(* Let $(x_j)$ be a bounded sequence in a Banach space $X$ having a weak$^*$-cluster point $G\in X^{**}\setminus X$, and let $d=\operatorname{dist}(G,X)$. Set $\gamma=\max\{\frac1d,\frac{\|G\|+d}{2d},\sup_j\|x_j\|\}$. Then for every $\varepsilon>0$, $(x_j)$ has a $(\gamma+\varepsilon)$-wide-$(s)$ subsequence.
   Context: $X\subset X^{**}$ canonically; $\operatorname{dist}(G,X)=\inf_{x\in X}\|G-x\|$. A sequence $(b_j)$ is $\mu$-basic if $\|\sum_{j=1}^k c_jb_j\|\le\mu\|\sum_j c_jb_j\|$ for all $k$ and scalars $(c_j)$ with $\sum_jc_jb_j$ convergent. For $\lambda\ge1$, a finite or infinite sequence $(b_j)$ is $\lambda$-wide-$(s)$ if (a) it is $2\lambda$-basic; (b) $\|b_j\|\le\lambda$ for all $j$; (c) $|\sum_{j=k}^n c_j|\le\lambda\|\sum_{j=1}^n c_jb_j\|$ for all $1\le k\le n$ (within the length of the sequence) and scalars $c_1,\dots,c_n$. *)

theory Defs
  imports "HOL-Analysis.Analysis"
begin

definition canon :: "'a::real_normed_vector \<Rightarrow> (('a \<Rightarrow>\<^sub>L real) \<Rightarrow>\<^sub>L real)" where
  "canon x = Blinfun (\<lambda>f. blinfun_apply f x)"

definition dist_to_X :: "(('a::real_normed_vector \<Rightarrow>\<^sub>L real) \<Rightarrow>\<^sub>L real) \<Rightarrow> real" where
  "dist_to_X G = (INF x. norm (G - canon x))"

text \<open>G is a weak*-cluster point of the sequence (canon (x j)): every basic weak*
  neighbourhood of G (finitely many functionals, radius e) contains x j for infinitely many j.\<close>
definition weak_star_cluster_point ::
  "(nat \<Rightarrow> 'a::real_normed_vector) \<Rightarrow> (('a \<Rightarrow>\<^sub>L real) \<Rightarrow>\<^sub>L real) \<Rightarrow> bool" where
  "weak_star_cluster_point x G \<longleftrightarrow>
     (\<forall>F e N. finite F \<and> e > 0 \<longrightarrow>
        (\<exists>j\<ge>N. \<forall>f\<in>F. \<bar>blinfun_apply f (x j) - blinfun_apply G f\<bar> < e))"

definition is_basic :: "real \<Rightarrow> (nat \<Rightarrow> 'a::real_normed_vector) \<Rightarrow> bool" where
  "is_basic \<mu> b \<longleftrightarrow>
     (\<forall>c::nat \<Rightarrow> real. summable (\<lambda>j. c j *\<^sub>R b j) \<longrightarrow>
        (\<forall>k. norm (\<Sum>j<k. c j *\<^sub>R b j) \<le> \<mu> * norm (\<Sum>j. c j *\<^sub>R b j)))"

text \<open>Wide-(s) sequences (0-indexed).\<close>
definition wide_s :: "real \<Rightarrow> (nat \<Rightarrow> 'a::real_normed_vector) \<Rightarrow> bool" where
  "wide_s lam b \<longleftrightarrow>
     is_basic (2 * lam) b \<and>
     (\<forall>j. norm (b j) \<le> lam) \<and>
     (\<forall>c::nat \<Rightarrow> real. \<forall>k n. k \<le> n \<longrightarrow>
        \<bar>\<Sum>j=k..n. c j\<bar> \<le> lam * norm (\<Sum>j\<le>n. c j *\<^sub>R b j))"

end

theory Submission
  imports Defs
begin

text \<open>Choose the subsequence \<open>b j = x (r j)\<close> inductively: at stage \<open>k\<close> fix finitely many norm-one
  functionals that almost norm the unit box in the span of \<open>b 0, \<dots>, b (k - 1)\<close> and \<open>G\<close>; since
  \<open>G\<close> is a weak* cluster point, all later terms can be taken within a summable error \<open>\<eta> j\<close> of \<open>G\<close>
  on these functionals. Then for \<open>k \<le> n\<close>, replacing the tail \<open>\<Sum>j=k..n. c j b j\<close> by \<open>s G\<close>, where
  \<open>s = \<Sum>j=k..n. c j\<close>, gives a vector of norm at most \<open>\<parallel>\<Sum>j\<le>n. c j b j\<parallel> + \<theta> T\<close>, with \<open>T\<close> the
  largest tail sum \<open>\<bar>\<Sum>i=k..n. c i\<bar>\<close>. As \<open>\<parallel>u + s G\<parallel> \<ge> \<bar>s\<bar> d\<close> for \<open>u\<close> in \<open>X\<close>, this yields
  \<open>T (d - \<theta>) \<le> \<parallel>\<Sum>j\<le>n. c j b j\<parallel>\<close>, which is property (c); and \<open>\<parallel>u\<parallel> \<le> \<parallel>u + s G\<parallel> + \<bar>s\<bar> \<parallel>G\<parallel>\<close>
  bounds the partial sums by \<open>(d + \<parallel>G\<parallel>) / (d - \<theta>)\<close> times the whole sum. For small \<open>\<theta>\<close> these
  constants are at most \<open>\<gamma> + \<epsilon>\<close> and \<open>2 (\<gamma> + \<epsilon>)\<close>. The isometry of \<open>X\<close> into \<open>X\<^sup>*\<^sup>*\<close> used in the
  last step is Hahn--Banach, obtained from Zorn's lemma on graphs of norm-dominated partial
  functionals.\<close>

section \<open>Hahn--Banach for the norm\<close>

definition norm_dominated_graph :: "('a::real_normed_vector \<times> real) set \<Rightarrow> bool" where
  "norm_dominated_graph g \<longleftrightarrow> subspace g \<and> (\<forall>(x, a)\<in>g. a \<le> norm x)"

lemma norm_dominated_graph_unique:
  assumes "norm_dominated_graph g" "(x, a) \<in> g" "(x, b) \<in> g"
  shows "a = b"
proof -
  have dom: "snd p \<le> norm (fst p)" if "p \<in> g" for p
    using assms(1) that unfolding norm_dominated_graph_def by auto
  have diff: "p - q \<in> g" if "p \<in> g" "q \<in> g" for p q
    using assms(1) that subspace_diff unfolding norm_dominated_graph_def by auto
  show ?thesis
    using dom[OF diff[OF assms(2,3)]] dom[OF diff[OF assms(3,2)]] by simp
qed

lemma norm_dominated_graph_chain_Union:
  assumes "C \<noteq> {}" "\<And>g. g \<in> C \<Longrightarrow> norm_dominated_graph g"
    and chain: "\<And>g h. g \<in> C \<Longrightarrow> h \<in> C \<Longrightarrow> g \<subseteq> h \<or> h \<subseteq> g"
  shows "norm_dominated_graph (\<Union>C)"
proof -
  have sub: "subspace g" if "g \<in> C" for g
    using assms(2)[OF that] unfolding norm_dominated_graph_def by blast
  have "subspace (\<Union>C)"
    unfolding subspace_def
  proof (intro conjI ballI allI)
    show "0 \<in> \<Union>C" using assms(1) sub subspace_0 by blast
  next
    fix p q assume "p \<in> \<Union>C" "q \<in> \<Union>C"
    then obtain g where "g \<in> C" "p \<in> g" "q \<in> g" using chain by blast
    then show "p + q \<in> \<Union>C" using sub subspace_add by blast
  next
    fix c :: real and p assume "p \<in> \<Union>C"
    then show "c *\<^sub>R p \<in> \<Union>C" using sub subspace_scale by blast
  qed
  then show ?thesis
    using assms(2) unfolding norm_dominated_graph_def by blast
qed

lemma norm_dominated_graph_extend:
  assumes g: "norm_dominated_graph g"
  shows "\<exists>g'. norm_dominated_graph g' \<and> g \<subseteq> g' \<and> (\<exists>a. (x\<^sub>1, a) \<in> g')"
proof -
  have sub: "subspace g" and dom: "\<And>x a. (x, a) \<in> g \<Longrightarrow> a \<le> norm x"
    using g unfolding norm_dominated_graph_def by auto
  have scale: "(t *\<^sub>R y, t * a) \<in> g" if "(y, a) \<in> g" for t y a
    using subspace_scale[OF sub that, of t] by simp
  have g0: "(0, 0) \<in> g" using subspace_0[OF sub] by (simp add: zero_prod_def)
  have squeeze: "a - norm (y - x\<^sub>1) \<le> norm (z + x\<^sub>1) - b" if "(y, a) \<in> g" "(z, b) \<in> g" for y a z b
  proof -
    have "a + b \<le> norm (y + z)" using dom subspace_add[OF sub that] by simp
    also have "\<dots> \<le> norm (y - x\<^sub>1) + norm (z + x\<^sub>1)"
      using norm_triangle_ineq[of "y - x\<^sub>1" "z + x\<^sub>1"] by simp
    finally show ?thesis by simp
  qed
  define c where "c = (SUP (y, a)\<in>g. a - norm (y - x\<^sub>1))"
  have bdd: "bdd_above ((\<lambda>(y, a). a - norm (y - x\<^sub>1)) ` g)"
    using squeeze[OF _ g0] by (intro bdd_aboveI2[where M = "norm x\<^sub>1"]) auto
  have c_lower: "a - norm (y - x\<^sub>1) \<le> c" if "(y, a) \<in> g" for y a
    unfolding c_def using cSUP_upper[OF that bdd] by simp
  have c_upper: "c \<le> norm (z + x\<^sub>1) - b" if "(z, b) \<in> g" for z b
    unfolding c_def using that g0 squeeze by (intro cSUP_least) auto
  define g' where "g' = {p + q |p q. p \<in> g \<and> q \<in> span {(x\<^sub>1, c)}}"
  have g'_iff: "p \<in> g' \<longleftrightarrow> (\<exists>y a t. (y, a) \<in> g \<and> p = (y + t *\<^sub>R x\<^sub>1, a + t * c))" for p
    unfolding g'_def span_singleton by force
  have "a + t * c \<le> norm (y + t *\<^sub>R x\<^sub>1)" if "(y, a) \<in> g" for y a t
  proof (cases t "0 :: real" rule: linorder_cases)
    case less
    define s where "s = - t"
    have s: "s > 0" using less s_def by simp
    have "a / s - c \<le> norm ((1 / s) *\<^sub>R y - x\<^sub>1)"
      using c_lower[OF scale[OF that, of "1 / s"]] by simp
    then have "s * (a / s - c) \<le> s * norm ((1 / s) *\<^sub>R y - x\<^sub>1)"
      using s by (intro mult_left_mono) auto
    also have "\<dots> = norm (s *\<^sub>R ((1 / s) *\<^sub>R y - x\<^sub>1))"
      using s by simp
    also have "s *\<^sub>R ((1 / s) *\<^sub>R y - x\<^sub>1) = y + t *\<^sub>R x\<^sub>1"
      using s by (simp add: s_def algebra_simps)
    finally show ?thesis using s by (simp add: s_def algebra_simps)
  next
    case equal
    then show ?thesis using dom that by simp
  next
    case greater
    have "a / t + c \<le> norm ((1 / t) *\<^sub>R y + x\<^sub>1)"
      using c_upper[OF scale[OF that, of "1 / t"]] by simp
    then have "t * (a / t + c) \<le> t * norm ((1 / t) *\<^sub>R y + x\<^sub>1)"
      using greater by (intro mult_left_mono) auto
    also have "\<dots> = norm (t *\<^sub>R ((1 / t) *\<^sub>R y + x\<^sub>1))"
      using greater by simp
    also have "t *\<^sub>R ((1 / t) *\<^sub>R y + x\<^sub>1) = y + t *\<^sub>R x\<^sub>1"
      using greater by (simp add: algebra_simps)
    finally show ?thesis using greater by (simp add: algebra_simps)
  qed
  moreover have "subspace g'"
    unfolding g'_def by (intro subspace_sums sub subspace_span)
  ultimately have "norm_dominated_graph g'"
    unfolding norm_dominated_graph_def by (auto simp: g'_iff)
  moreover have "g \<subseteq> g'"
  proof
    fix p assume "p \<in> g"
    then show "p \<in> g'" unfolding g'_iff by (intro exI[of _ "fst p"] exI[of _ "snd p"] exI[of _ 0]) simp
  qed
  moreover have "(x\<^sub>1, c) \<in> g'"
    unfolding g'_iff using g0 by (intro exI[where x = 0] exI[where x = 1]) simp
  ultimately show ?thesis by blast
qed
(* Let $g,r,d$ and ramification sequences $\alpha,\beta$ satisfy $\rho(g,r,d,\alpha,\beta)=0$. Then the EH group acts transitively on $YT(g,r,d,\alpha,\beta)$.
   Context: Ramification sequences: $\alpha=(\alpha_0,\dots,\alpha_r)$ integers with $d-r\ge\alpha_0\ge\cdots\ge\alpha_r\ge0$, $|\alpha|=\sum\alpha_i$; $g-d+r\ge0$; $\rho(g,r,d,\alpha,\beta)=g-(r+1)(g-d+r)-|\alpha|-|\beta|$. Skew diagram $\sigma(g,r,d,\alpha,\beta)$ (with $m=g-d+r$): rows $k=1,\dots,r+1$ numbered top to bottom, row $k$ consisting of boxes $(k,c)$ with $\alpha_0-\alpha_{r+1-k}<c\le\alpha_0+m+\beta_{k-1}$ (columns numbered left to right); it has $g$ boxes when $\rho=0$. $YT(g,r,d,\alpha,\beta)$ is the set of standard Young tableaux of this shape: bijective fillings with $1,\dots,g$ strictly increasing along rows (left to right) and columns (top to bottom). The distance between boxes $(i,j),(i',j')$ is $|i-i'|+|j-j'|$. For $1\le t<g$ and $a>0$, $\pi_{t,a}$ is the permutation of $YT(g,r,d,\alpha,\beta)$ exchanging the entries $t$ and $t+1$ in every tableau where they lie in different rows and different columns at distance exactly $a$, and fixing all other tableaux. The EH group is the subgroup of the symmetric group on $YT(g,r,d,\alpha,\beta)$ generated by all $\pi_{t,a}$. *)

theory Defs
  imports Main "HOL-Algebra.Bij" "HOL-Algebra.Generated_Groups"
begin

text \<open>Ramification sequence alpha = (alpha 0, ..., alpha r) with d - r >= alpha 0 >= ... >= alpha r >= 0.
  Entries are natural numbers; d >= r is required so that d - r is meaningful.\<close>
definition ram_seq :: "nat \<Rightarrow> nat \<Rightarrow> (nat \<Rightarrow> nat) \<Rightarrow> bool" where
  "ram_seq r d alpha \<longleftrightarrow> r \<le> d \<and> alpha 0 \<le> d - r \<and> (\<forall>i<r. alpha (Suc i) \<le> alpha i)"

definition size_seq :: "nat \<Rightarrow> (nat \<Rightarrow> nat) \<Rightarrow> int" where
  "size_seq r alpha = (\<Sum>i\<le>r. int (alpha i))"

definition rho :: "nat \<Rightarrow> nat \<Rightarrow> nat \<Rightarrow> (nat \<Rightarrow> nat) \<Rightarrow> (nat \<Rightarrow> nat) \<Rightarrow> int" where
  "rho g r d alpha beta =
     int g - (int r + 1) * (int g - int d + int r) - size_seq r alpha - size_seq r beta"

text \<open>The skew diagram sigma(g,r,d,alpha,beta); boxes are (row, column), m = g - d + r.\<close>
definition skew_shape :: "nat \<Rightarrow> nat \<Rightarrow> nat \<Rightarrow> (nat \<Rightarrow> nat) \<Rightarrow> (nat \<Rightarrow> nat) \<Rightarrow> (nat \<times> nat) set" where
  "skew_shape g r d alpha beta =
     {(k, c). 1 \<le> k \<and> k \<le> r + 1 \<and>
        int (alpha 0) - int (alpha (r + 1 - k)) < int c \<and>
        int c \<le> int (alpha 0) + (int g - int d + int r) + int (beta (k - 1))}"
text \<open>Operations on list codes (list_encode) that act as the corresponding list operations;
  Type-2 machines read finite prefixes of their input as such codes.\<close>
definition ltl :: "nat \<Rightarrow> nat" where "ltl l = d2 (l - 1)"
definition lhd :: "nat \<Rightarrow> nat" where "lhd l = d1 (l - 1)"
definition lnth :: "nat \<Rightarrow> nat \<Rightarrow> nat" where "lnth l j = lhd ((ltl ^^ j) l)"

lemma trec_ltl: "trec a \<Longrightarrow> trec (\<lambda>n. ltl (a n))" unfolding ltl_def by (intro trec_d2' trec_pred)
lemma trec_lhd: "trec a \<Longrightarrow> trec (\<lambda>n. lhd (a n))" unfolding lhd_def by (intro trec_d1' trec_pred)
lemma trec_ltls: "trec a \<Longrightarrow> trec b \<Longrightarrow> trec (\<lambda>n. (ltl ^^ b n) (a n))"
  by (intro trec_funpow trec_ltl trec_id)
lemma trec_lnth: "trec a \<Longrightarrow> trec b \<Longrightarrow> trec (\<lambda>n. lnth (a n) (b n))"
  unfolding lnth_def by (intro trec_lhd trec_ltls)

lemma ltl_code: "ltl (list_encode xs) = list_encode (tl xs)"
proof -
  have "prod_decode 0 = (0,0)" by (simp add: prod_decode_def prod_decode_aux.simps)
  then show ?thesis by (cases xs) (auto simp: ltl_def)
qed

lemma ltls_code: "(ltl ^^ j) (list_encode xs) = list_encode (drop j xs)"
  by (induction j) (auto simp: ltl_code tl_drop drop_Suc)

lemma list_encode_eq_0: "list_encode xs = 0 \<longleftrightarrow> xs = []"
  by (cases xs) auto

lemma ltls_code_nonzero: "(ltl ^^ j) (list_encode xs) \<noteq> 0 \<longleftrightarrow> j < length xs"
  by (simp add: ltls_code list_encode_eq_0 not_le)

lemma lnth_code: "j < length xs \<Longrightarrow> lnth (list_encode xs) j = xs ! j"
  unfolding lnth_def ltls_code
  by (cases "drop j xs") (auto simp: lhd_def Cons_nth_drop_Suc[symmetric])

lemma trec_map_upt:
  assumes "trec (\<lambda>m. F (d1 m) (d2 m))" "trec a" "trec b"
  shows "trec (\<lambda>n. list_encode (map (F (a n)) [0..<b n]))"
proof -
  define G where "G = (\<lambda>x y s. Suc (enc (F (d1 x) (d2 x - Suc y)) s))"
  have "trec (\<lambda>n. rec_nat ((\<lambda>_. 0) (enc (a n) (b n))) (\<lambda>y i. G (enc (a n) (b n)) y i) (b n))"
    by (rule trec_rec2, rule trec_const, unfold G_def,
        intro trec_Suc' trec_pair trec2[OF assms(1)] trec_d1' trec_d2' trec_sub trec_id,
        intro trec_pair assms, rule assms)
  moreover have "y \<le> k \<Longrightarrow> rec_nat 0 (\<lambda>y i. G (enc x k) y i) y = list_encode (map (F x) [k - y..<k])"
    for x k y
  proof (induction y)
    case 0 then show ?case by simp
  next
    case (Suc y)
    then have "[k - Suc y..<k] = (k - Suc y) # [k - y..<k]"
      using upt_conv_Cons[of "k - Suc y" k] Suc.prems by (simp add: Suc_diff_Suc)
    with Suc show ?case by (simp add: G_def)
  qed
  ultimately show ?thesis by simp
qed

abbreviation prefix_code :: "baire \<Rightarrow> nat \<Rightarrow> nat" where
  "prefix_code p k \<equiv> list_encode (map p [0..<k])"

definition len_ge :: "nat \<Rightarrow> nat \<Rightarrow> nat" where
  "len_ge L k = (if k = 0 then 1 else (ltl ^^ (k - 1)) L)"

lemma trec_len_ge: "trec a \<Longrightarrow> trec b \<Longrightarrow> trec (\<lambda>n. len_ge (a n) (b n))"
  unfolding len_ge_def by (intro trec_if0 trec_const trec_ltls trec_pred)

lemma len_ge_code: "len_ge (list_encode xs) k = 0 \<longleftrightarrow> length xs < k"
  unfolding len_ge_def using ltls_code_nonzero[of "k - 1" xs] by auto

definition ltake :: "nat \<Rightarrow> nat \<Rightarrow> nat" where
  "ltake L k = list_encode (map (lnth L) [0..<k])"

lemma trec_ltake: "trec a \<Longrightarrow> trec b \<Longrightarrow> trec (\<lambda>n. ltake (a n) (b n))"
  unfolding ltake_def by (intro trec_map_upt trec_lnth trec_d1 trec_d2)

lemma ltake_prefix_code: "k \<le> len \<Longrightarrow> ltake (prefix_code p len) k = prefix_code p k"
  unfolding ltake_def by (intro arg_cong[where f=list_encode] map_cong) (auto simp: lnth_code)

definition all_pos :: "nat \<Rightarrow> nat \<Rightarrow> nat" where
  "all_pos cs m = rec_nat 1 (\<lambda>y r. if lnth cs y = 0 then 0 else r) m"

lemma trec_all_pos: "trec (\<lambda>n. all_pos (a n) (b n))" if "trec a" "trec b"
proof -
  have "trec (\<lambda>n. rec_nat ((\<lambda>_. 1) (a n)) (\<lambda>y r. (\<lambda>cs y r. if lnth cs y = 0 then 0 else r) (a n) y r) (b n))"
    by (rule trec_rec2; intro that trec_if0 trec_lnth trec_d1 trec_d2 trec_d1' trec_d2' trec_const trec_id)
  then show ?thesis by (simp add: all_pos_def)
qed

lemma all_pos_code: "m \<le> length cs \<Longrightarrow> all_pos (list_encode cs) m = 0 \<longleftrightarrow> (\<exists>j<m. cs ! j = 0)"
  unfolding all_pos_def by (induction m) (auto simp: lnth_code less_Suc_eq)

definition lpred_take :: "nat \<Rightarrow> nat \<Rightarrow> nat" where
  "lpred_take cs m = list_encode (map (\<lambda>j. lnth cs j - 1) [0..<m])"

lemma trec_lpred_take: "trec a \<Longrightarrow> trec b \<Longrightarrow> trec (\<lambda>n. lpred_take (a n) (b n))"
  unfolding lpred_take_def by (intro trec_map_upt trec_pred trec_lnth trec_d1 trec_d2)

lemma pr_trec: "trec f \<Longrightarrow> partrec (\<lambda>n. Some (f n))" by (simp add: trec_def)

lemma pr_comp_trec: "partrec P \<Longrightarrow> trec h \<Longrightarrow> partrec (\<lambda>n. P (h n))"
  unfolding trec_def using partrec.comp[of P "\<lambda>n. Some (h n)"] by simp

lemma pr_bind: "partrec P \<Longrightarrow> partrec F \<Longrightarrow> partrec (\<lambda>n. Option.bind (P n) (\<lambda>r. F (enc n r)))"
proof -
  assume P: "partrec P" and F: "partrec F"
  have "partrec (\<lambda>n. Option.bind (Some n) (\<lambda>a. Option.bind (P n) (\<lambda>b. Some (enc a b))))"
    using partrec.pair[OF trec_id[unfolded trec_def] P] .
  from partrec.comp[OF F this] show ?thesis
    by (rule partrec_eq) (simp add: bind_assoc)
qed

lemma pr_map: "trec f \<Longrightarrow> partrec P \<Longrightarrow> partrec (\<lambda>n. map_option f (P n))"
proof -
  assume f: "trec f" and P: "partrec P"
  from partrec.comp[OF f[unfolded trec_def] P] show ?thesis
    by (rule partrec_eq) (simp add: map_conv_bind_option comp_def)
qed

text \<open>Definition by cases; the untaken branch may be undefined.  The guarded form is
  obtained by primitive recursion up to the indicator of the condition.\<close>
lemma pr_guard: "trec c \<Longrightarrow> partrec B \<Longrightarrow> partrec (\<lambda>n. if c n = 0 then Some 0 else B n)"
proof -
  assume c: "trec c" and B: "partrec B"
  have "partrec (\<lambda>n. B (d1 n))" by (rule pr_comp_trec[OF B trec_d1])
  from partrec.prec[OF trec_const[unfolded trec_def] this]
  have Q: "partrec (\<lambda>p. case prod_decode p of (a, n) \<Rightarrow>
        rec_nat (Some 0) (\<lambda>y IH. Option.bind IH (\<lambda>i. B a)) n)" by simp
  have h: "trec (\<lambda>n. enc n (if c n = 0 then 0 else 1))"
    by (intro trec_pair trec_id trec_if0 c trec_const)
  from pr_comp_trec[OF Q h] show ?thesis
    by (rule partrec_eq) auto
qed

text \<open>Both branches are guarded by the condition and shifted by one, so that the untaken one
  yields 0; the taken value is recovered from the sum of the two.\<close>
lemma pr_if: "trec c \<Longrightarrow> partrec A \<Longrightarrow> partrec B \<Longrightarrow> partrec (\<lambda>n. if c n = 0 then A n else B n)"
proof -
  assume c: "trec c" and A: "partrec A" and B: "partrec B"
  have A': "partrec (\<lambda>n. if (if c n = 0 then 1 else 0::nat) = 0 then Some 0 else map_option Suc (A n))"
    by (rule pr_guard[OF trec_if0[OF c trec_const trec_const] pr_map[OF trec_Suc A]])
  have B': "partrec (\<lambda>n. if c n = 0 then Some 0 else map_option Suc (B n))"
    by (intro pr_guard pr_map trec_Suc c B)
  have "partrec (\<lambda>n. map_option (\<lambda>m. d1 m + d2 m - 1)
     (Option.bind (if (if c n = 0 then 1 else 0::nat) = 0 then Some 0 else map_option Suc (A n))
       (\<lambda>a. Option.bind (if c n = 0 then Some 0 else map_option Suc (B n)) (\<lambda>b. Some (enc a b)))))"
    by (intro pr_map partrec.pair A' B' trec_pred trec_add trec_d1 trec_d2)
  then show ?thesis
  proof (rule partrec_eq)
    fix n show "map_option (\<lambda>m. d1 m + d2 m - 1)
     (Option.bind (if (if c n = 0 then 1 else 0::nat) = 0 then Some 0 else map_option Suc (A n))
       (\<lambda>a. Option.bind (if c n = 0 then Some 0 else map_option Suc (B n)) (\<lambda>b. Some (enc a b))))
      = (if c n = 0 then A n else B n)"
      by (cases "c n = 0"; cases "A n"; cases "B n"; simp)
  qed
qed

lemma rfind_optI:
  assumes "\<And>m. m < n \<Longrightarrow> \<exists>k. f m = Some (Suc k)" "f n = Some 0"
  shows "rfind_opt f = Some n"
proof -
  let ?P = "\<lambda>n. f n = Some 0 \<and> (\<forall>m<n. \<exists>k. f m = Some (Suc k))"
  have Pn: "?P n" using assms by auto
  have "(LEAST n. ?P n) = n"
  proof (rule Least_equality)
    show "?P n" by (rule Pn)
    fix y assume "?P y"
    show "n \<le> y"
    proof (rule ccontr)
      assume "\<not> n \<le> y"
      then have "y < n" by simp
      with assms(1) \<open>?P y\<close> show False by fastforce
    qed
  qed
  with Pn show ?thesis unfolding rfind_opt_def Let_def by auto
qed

Required action - Transcribe only, please, the lines from the first line of the records through the line with "(\<exists>j\<ge>N. \<forall>f\<in>F. \<bar>blinfun_apply". Both of those lines are included.

Task solution -
(* Let $(x_j)$ be a bounded sequence in a Banach space $X$ having a weak$^*$-cluster point $G\in X^{**}\setminus X$, and let $d=\operatorname{dist}(G,X)$. Set $\gamma=\max\{\frac1d,\frac{\|G\|+d}{2d},\sup_j\|x_j\|\}$. Then for every $\varepsilon>0$, $(x_j)$ has a $(\gamma+\varepsilon)$-wide-$(s)$ subsequence.
   Context: $X\subset X^{**}$ canonically; $\operatorname{dist}(G,X)=\inf_{x\in X}\|G-x\|$. A sequence $(b_j)$ is $\mu$-basic if $\|\sum_{j=1}^k c_jb_j\|\le\mu\|\sum_j c_jb_j\|$ for all $k$ and scalars $(c_j)$ with $\sum_jc_jb_j$ convergent. For $\lambda\ge1$, a finite or infinite sequence $(b_j)$ is $\lambda$-wide-$(s)$ if (a) it is $2\lambda$-basic; (b) $\|b_j\|\le\lambda$ for all $j$; (c) $|\sum_{j=k}^n c_j|\le\lambda\|\sum_{j=1}^n c_jb_j\|$ for all $1\le k\le n$ (within the length of the sequence) and scalars $c_1,\dots,c_n$. *)

theory Defs
  imports "HOL-Analysis.Analysis"
begin

definition canon :: "'a::real_normed_vector \<Rightarrow> (('a \<Rightarrow>\<^sub>L real) \<Rightarrow>\<^sub>L real)" where
  "canon x = Blinfun (\<lambda>f. blinfun_apply f x)"

definition dist_to_X :: "(('a::real_normed_vector \<Rightarrow>\<^sub>L real) \<Rightarrow>\<^sub>L real) \<Rightarrow> real" where
  "dist_to_X G = (INF x. norm (G - canon x))"

text \<open>G is a weak*-cluster point of the sequence (canon (x j)): every basic weak*
  neighbourhood of G (finitely many functionals, radius e) contains x j for infinitely many j.\<close>
definition weak_star_cluster_point ::
  "(nat \<Rightarrow> 'a::real_normed_vector) \<Rightarrow> (('a \<Rightarrow>\<^sub>L real) \<Rightarrow>\<^sub>L real) \<Rightarrow> bool" where
  "weak_star_cluster_point x G \<longleftrightarrow>
     (\<forall>F e N. finite F \<and> e > 0 \<longrightarrow>
        (\<exists>j\<ge>N. \<forall>f\<in>F. \<bar>blinfun_apply f (x j) - blinfun_apply G f\<bar> < e))"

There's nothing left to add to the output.